— Problem to solve —
Filter this data down to the lines that hold "definition", and copy them.

[Recorded data]
(* Assume Assumption 1, Assumption 2 and the null hypothesis $H_0:\ T_i(1)=T_i(0)$ for all $i$, and condition on $\boldsymbol{T}(1),\boldsymbol{T}(0)$. Then for each $1\le k\le K$, $$D_k\sim\mathrm{Bin}(d_k,g_k),\qquad N_{1k}\sim\mathrm{Bin}(n_k,g_k\phi_k),\qquad N_k\sim\mathrm{Bin}(n_k,g_k).$$
   Context: There are $n$ units. Unit $i$ has potential event times $T_i(1),T_i(0)\ge 0$, potential censoring times $C_i(1),C_i(0)\in[0,\infty]$, and treatment indicator $Z_i\in\{0,1\}$; bold letters denote $n$-vectors. Assumption 1: conditional on $\boldsymbol{T}(1),\boldsymbol{T}(0),\boldsymbol{C}(1),\boldsymbol{C}(0)$, the $Z_i$ are i.i.d. Bernoulli$(p_1)$, $p_1=1-p_0\in(0,1)$. Assumption 2: $(\boldsymbol{C}(1),\boldsymbol{C}(0))$ is independent of $(\boldsymbol{T}(1),\boldsymbol{T}(0))$ and the pairs $(C_i(1),C_i(0))$ are i.i.d. across $i$. $G_z(c)=\Pr(C_i(z)\ge c)$, $G(t)=p_1G_1(t)+p_0G_0(t)$. Realized: $W_i=\min\{T_i,C_i\}$, $\Delta_i=\mathbb{1}(T_i\le C_i)$ with $T_i=Z_iT_i(1)+(1-Z_i)T_i(0)$, $C_i=Z_iC_i(1)+(1-Z_i)C_i(0)$. Let $t_1<\dots<t_K$ be the distinct values of $\{T_i(0)\}$, $d_k=\#\{i:T_i(0)=t_k\}$, $n_k=\#\{i:T_i(0)\ge t_k\}$, $g_k=G(t_k)$, $\phi_k=p_1G_1(t_k)/G(t_k)$; $N_{1k}=\sum_iZ_i\mathbb{1}(W_i\ge t_k)$, $N_k=\sum_i\mathbb{1}(W_i\ge t_k)$, $D_k=\sum_i\Delta_i\mathbb{1}(W_i=t_k)$. $\mathrm{Bin}(m,p)$ denotes the binomial distribution. *)

theory Defs
  imports "HOL-Probability.Probability"
begin
(* Assume the setting below and that the matrix $\Phi$ is positive definite. Then: (i) $\mathcal V_\Phi:=(\mathrm{Id}+\Phi^{-1}\mathcal B)^{-1}$ is single-valued on $\mathbb{R}^{N(3+2M)}$. (ii) For every $\omega^k=(\beta^k,\psi^k,\sigma^k,z^k,\lambda^k)\in\Omega\times\mathbb{R}^N\times\mathbb{R}^N\times\mathbb{R}^{NM}\times\mathbb{R}^{NM}_+$, the point $\omega^{k+1}$ produced by the iteration (IT) equals $\mathcal V_\Phi\circ\mathcal U_\Phi(\omega^k)$, where $\mathcal U_\Phi:=\mathrm{Id}-\Phi^{-1}\mathcal A$; equivalently, $0\in\mathcal A(\omega^k)+\mathcal B(\omega^{k+1})+\Phi(\omega^{k+1}-\omega^k)$. (iii) A point $\omega^*$ is a fixed point of $\mathcal V_\Phi\circ\mathcal U_\Phi$ (equivalently, a steady state of (IT)) if and only if $0\in(\mathcal A+\mathcal B)(\omega^* )$. (iv) If $\omega^*=(\beta^*,\psi^*,\sigma^*,z^*,\lambda^* )$ satisfies $0\in(\mathcal A+\mathcal B)(\omega^* )$, then $\sigma^*=\frac1N(\mathbf 1^\top\beta^* )\mathbf 1_N$, $\lambda^*=\mathbf 1_N\otimes\gamma_2$ for some $\gamma_2\in\mathbb{R}^M_+$, and $\beta^*$ is a v-GNE of the game, i.e. $\beta^*\in K$ and $(\beta-\beta^* )^\top F(\beta^* )\ge0$ for all $\beta\in K$.
   Context: Game data: integers $N\ge2$ (aggregators) and $H\ge1$ (lines), $M:=2N+2H$. Reals $r\ge0$, $\alpha>0$, $a_n,b_n>0$, bid bounds $\underline\beta<\bar\beta$, load capacities $\hat x\in\mathbb{R}^N$, line capacities $\hat f\in\mathbb{R}^H_+$, net loads $e\in\mathbb{R}^N$, and a distribution-factor matrix $\Pi\in\mathbb{R}^{H\times N}$. Let $A:=I_N-\frac1N\mathbf 1\mathbf 1^\top$, $c:=\frac rN\mathbf 1_N$, $$\tilde A:=\begin{bmatrix}A\\-A\\-\Pi A\\\Pi A\end{bmatrix}\in\mathbb{R}^{M\times N},\qquad d:=\begin{bmatrix}\hat x-c\\c\\\hat f-\Pi(e-c)\\\hat f+\Pi(e-c)\end{bmatrix}\in\mathbb{R}^M.$$ Let $u_n$ be the $n$-th standard basis vector of $\mathbb{R}^N$, and define $$d_n:=\tfrac1N\big(-c;\ c;\ \hat f+\Pi c;\ \hat f-\Pi c\big)+\big(\hat x_nu_n;\ 0;\ -e_n\Pi u_n;\ e_n\Pi u_n\big),$$ so that $\sum_n d_n=d$. Let $\Omega:=[\underline\beta,\bar\beta]^N$ and $K:=\{\beta\in\Omega:\tilde A\beta\le d\}$. Standing assumption: some $\beta\in\Omega$ satisfies $\tilde A\beta<d$ componentwise. With $C_n'(x)=2a_nx+b_n$, the map $F:\mathbb{R}^N\to\mathbb{R}^N$ is defined by $$F_n(\beta)=\tfrac{N-1}{N}C_n'\big(\tfrac{r-\mathbf 1^\top\beta}{N}+\beta_n\big)+\tfrac{(\mathbf 1^\top\beta-r)(N-2)+N\beta_n}{\alpha N^2}$$ (the pseudo-gradient of the aggregators' costs). A v-GNE is a solution of the variational inequality $\mathrm{VI}(K,F)$. The map $\hat F:\mathbb{R}^N\times\mathbb{R}^N\to\mathbb{R}^N$ is defined by $$\hat F_n(\beta,\sigma)=\tfrac{N-1}{N}C_n'\big(\tfrac{r-N\sigma_n}{N}+\beta_n\big)+\tfrac{(N\sigma_n-r)(N-2)+N\beta_n}{\alpha N^2},$$ so that $\hat F(\beta,\frac1N\mathbf 1^\top\beta\,\mathbf 1)=F(\beta)$. Communication: $G$ is a connected undirected graph on $\{1,\dots,N\}$ with positive weights and weighted Laplacian $L$; $L_\sigma:=L$ and $L_\lambda:=L\otimes I_M$. Let $\tilde A_n\in\mathbb{R}^M$ be the $n$-th column of $\tilde A$, $\bar A:=\mathrm{blkdiag}(\tilde A_1,\dots,\tilde A_N)\in\mathbb{R}^{NM\times N}$, and $\bar d:=\mathrm{col}(d_1,\dots,d_N)\in\mathbb{R}^{NM}$. Parameters: $\kappa>0$; $\tau=\mathrm{diag}(\tau_n)$, $\upsilon=\mathrm{diag}(\upsilon_n)$, $\rho=\mathrm{diag}(\rho_n)$ in $\mathbb{R}^{N\times N}$; $\delta=\mathrm{blkdiag}(\delta_nI_M)$, $\eta=\mathrm{blkdiag}(\eta_nI_M)$ in $\mathbb{R}^{NM\times NM}$; all $\tau_n,\upsilon_n,\rho_n,\delta_n,\eta_n>0$. Iteration (IT): $$\begin{aligned} \beta^{k+1}&=\mathrm{proj}_\Omega[\beta^k-\tau(\hat F(\beta^k,\sigma^k)+\bar A^\top\lambda^k)],\\ \psi^{k+1}&=\psi^k+\upsilon L_\sigma\sigma^k,\\ \sigma^{k+1}&=\sigma^k+\rho\big(\kappa(\beta^k-\sigma^k)-L_\sigma(2\psi^{k+1}-\psi^k)\big),\\ z^{k+1}&=z^k+\delta L_\lambda\lambda^k,\\ \lambda^{k+1}&=\mathrm{proj}_{\mathbb{R}^{NM}_+}\big[\lambda^k-\eta\big(L_\lambda\lambda^k+\bar d-\bar A(2\beta^{k+1}-\beta^k)+L_\lambda(2z^{k+1}-z^k)\big)\big]. \end{aligned}$$ For $\omega=(\beta,\psi,\sigma,z,\lambda)$: $$\mathcal A(\omega):=\big(\hat F(\beta,\sigma),\,0,\,\kappa(\sigma-\beta),\,0,\,\bar d+L_\lambda\lambda\big),$$ $$\mathcal B(\omega):=\big(\mathrm N_\Omega(\beta)+\bar A^\top\lambda,\ -L_\sigma\sigma,\ L_\sigma\psi,\ -L_\lambda\lambda,\ \mathrm N_{\mathbb{R}^{NM}_+}(\lambda)-\bar A\beta+L_\lambda z\big),$$ where $\mathrm N_S$ is the normal cone of $S$ (empty outside $S$). Finally, $$\Phi:=\begin{bmatrix}\tau^{-1}&0&0&0&-\bar A^\top\\0&\upsilon^{-1}&L_\sigma&0&0\\0&L_\sigma&\rho^{-1}&0&0\\0&0&0&\delta^{-1}&L_\lambda\\-\bar A&0&0&L_\lambda&\eta^{-1}\end{bmatrix}.$$ *)

theory Defs
  imports "HOL-Analysis.Analysis"
begin

text \<open>Aggregators are indexed by a finite type 'n (N = CARD('n)), lines by a finite
type 'h (H = CARD('h)).  The constraint index set of size M = 2N + 2H is the
sum type 'n + 'n + 'h + 'h.  Vectors of R^{NM} are elements of (R^M)^N, i.e.
one block of length M per agent.\<close>

type_synonym ('n,'h) midx = "'n + 'n + 'h + 'h"
type_synonym ('n,'h) state =
  "(real^'n) \<times> (real^'n) \<times> (real^'n) \<times> ((real^('n,'h) midx)^'n) \<times> ((real^('n,'h) midx)^'n)"

definition Omega :: "real \<Rightarrow> real \<Rightarrow> (real^'n) set" where
  "Omega lb ub = {x. \<forall>n. lb \<le> x$n \<and> x$n \<le> ub}"

definition posorth :: "(real^'m^'n) set" where
  "posorth = {x. \<forall>n m. 0 \<le> x$n$m}"

definition normal_cone :: "('a::real_inner) set \<Rightarrow> 'a \<Rightarrow> 'a set" where
  "normal_cone S x = (if x \<in> S then {g. \<forall>y\<in>S. g \<bullet> (y - x) \<le> 0} else {})"

definition Amat :: "real^'n^'n" where
  "Amat = (\<chi> i j. (if i = j then 1 else 0) - 1 / real CARD('n))"

definition cvec :: "real \<Rightarrow> real^'n" where
  "cvec r = (r / real CARD('n)) *\<^sub>R (1::real^'n)"

definition stack4 :: "real^'n \<Rightarrow> real^'n \<Rightarrow> real^'h \<Rightarrow> real^'h \<Rightarrow> real^('n,'h) midx" where
  "stack4 p q s t = (\<chi> i. case i of Inl k \<Rightarrow> p$k | Inr (Inl k) \<Rightarrow> q$k
                      | Inr (Inr (Inl l)) \<Rightarrow> s$l | Inr (Inr (Inr l)) \<Rightarrow> t$l)"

— Answer space —
definition Omega :: "real \<Rightarrow> real \<Rightarrow> (real^'n) set" where
definition posorth :: "(real^'m^'n) set" where
definition normal_cone :: "('a::real_inner) set \<Rightarrow> 'a \<Rightarrow> 'a set" where
definition Amat :: "real^'n^'n" where
definition cvec :: "real \<Rightarrow> real^'n" where
definition stack4 :: "real^'n \<Rightarrow> real^'n \<Rightarrow> real^'h \<Rightarrow> real^'h \<Rightarrow> real^('n,'h) midx" where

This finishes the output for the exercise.